Work to complete: Give back an exact copy of the lines in the records below, from the line that has "using elim(1) by" through the line that has "proof (rule imex_stage_values_preserve[where", and nothing besides.

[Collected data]
+++++

lemma first_stage_CK:
  assumes "type_CK s A"
  shows "\<forall>\<^sub>F \<epsilon> in at_right 0. rho \<epsilon> 1 = (\<lambda>y. \<rho>n0 y + \<epsilon>\<^sup>2 * \<rho>n2 y) \<and> vel \<epsilon> 1 = (\<lambda>y. un0 y + \<epsilon> *\<^sub>R un1 y)"
proof -
  have "1 \<in> {1..s}" and "A 1 1 = 0" using assms by (auto simp: type_CK_def)
  show ?thesis
    using stage_rho stage_q stage_pos
  proof eventually_elim
    case (elim \<epsilon>)
    have "rho \<epsilon> 1 y = \<rho>n0 y + \<epsilon>\<^sup>2 * \<rho>n2 y" for y
      using elim(1)[rule_format, OF \<open>1 \<in> {1..s}\<close>, of y] \<open>A 1 1 = 0\<close> by simp
    moreover have "q \<epsilon> 1 y = (\<rho>n0 y + \<epsilon>\<^sup>2 * \<rho>n2 y) *\<^sub>R (un0 y + \<epsilon> *\<^sub>R un1 y)" for y
      using elim(2)[rule_format, OF \<open>1 \<in> {1..s}\<close>, of y] \<open>A 1 1 = 0\<close> by simp
    moreover have "rho \<epsilon> 1 y \<noteq> 0" for y
      using elim(3) \<open>1 \<in> {1..s}\<close> by (metis less_irrefl)
    ultimately show ?case by (simp add: vel_def fun_eq_iff)
  qed
qed

lemma u0_first_stage_CK:
  assumes "type_CK s A"
  shows "u0 1 = un0"
proof
  fix y
  have "1 \<in> {1..s}" using assms by (auto simp: type_CK_def)
  have "\<forall>\<^sub>F \<epsilon> in at_right 0. un0 y + \<epsilon> *\<^sub>R un1 y = vel \<epsilon> 1 y"
    using first_stage_CK[OF assms] by eventually_elim simp
  moreover have "((\<lambda>\<epsilon>. un0 y + \<epsilon> *\<^sub>R un1 y) \<longlongrightarrow> un0 y + 0 *\<^sub>R un1 y) (at_right 0)"
    by (intro tendsto_intros tendsto_ident_at)
  ultimately have "((\<lambda>\<epsilon>. vel \<epsilon> 1 y) \<longlongrightarrow> un0 y) (at_right 0)"
    by (simp add: Lim_transform_eventually)
  from tendsto_unique[OF trivial_limit_at_right_real vel_tendsto[OF \<open>1 \<in> {1..s}\<close>] this]
  show "u0 1 y = un0 y" .
qed

lemma scaled_pgrad_first_stage_CK:
  assumes "type_CK s A"
  shows "((\<lambda>\<epsilon>. (1 / \<epsilon>\<^sup>2) *\<^sub>R pgrad \<epsilon> 1 x) \<longlongrightarrow> (\<gamma> * rho_bar powr (\<gamma> - 1)) *\<^sub>R grad \<rho>n2 x) (at_right 0)"
proof -
  have "1 \<in> {1..s}" using assms by (auto simp: type_CK_def)
  have grad_first: "grad (\<lambda>y. rho_bar + \<epsilon>\<^sup>2 * \<rho>n2 y) x = \<epsilon>\<^sup>2 *\<^sub>R grad \<rho>n2 x" for \<epsilon>
    using smooth_rho_n2 by (simp add: grad_def vec_eq_iff pd_const pd_add pd_cmult
        smooth_fun_differentiable differentiable_mult differentiable_const)
  have "\<forall>\<^sub>F \<epsilon> in at_right 0. (\<gamma> * (rho_bar + \<epsilon>\<^sup>2 * \<rho>n2 x) powr (\<gamma> - 1)) *\<^sub>R grad \<rho>n2 x
      = (1 / \<epsilon>\<^sup>2) *\<^sub>R pgrad \<epsilon> 1 x"
    using first_stage_CK[OF assms] eventually_pgrad eventually_at_right_less[of 0]
  proof eventually_elim
    case (elim \<epsilon>)
    from elim(2) \<open>1 \<in> {1..s}\<close>
    have "pgrad \<epsilon> 1 x = (\<gamma> * rho \<epsilon> 1 x powr (\<gamma> - 1)) *\<^sub>R grad (rho \<epsilon> 1) x" by blast
    also have "\<dots> = (\<gamma> * (rho_bar + \<epsilon>\<^sup>2 * \<rho>n2 x) powr (\<gamma> - 1)) *\<^sub>R (\<epsilon>\<^sup>2 *\<^sub>R grad \<rho>n2 x)"
      using elim(1) by (simp only: rho_n0_eq grad_first)
    finally show ?case using elim(3) by simp
  qed
  moreover have "((\<lambda>\<epsilon>. rho_bar + \<epsilon>\<^sup>2 * \<rho>n2 x) \<longlongrightarrow> rho_bar + 0\<^sup>2 * \<rho>n2 x) (at_right 0)"
    by (intro tendsto_intros tendsto_ident_at)
  then have "((\<lambda>\<epsilon>. rho_bar + \<epsilon>\<^sup>2 * \<rho>n2 x) \<longlongrightarrow> rho_bar) (at_right 0)" by simp
  then have "((\<lambda>\<epsilon>. (rho_bar + \<epsilon>\<^sup>2 * \<rho>n2 x) powr (\<gamma> - 1)) \<longlongrightarrow> rho_bar powr (\<gamma> - 1)) (at_right 0)"
    by (rule tendsto_powr[OF _ tendsto_const]) (use rho_bar_pos in simp)
  then have "((\<lambda>\<epsilon>. (\<gamma> * (rho_bar + \<epsilon>\<^sup>2 * \<rho>n2 x) powr (\<gamma> - 1)) *\<^sub>R grad \<rho>n2 x)
      \<longlongrightarrow> (\<gamma> * rho_bar powr (\<gamma> - 1)) *\<^sub>R grad \<rho>n2 x) (at_right 0)"
    by (intro tendsto_scaleR[OF _ tendsto_const] tendsto_mult_left)
  ultimately show ?thesis by (simp add: Lim_transform_eventually)
qed

lemma scaled_pgrad_convergent:
  assumes l: "l \<in> {1..s}"
  shows "\<exists>M. ((\<lambda>\<epsilon>. (1 / \<epsilon>\<^sup>2) *\<^sub>R pgrad \<epsilon> l x) \<longlongrightarrow> M) (at_right 0)"
proof -
  let ?z = "\<lambda>l \<epsilon>. (1 / \<epsilon>\<^sup>2) *\<^sub>R pgrad \<epsilon> l x"
  have "(\<lambda>g. \<exists>M. (g \<longlongrightarrow> M) (at_right 0)) (?z l)"
  proof (rule imex_stage_values_preserve[where P = "\<lambda>g. \<exists>M. (g \<longlongrightarrow> M) (at_right 0)" and z = ?z
        and h = "\<lambda>k \<epsilon>. \<Sum>l\<in>{1..s}. A k l *\<^sub>R ?z l \<epsilon>", OF scheme_type refl _ _ _ _ _ l])
    show "\<exists>M. ((\<lambda>\<epsilon>. \<Sum>l\<in>{1..s}. A k l *\<^sub>R ?z l \<epsilon>) \<longlongrightarrow> M) (at_right 0)" if "k \<in> {1..s}" for k
      using scaled_pgrad_combination_tendsto[OF that] by blast
    show "\<exists>M. (?z 1 \<longlongrightarrow> M) (at_right 0)" if "type_CK s A"
      using scaled_pgrad_first_stage_CK[OF that] by blast
    show "\<exists>M. ((\<lambda>\<epsilon>. 0) \<longlongrightarrow> M) (at_right 0)"
      by (rule exI, rule tendsto_const)
    show "\<exists>M. ((\<lambda>\<epsilon>. f \<epsilon> + g \<epsilon>) \<longlongrightarrow> M) (at_right 0)"
      if "\<exists>M. (f \<longlongrightarrow> M) (at_right 0)" "\<exists>M. (g \<longlongrightarrow> M) (at_right 0)" for f g :: "real \<Rightarrow> real^'d"
      using that by (auto dest: tendsto_add)
    show "\<exists>M. ((\<lambda>\<epsilon>. c *\<^sub>R f \<epsilon>) \<longlongrightarrow> M) (at_right 0)" if "\<exists>M. (f \<longlongrightarrow> M) (at_right 0)" for c and f :: "real \<Rightarrow> real^'d"
    proof -
      from that obtain M where "(f \<longlongrightarrow> M) (at_right 0)" ..
      then have "((\<lambda>\<epsilon>. c *\<^sub>R f \<epsilon>) \<longlongrightarrow> c *\<^sub>R M) (at_right 0)" by (intro tendsto_scaleR tendsto_const)
      then show ?thesis ..
    qed
  qed
  then show ?thesis by simp
qed

lemma pressure_factor_tendsto:
  assumes "l \<in> {1..s}" "rho0 l x > 0"
  shows "((\<lambda>\<epsilon>. \<gamma> * rho \<epsilon> l x powr (\<gamma> - 1)) \<longlongrightarrow> \<gamma> * rho0 l x powr (\<gamma> - 1)) (at_right 0)"
proof -
  have "((\<lambda>\<epsilon>. rho \<epsilon> l x powr (\<gamma> - 1)) \<longlongrightarrow> rho0 l x powr (\<gamma> - 1)) (at_right 0)"
    by (rule tendsto_powr[OF rho_tendsto[OF assms(1)] tendsto_const]) (use assms(2) in simp)
  then show ?thesis by (rule tendsto_mult_left)
qed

+++++

Result for this task:
      using elim(1) by (simp only: rho_n0_eq grad_first)
    finally show ?case using elim(3) by simp
  qed
  moreover have "((\<lambda>\<epsilon>. rho_bar + \<epsilon>\<^sup>2 * \<rho>n2 x) \<longlongrightarrow> rho_bar + 0\<^sup>2 * \<rho>n2 x) (at_right 0)"
    by (intro tendsto_intros tendsto_ident_at)
  then have "((\<lambda>\<epsilon>. rho_bar + \<epsilon>\<^sup>2 * \<rho>n2 x) \<longlongrightarrow> rho_bar) (at_right 0)" by simp
  then have "((\<lambda>\<epsilon>. (rho_bar + \<epsilon>\<^sup>2 * \<rho>n2 x) powr (\<gamma> - 1)) \<longlongrightarrow> rho_bar powr (\<gamma> - 1)) (at_right 0)"
    by (rule tendsto_powr[OF _ tendsto_const]) (use rho_bar_pos in simp)
  then have "((\<lambda>\<epsilon>. (\<gamma> * (rho_bar + \<epsilon>\<^sup>2 * \<rho>n2 x) powr (\<gamma> - 1)) *\<^sub>R grad \<rho>n2 x)
      \<longlongrightarrow> (\<gamma> * rho_bar powr (\<gamma> - 1)) *\<^sub>R grad \<rho>n2 x) (at_right 0)"
    by (intro tendsto_scaleR[OF _ tendsto_const] tendsto_mult_left)
  ultimately show ?thesis by (simp add: Lim_transform_eventually)
qed

lemma scaled_pgrad_convergent:
  assumes l: "l \<in> {1..s}"
  shows "\<exists>M. ((\<lambda>\<epsilon>. (1 / \<epsilon>\<^sup>2) *\<^sub>R pgrad \<epsilon> l x) \<longlongrightarrow> M) (at_right 0)"
proof -
  let ?z = "\<lambda>l \<epsilon>. (1 / \<epsilon>\<^sup>2) *\<^sub>R pgrad \<epsilon> l x"
  have "(\<lambda>g. \<exists>M. (g \<longlongrightarrow> M) (at_right 0)) (?z l)"
  proof (rule imex_stage_values_preserve[where P = "\<lambda>g. \<exists>M. (g \<longlongrightarrow> M) (at_right 0)" and z = ?z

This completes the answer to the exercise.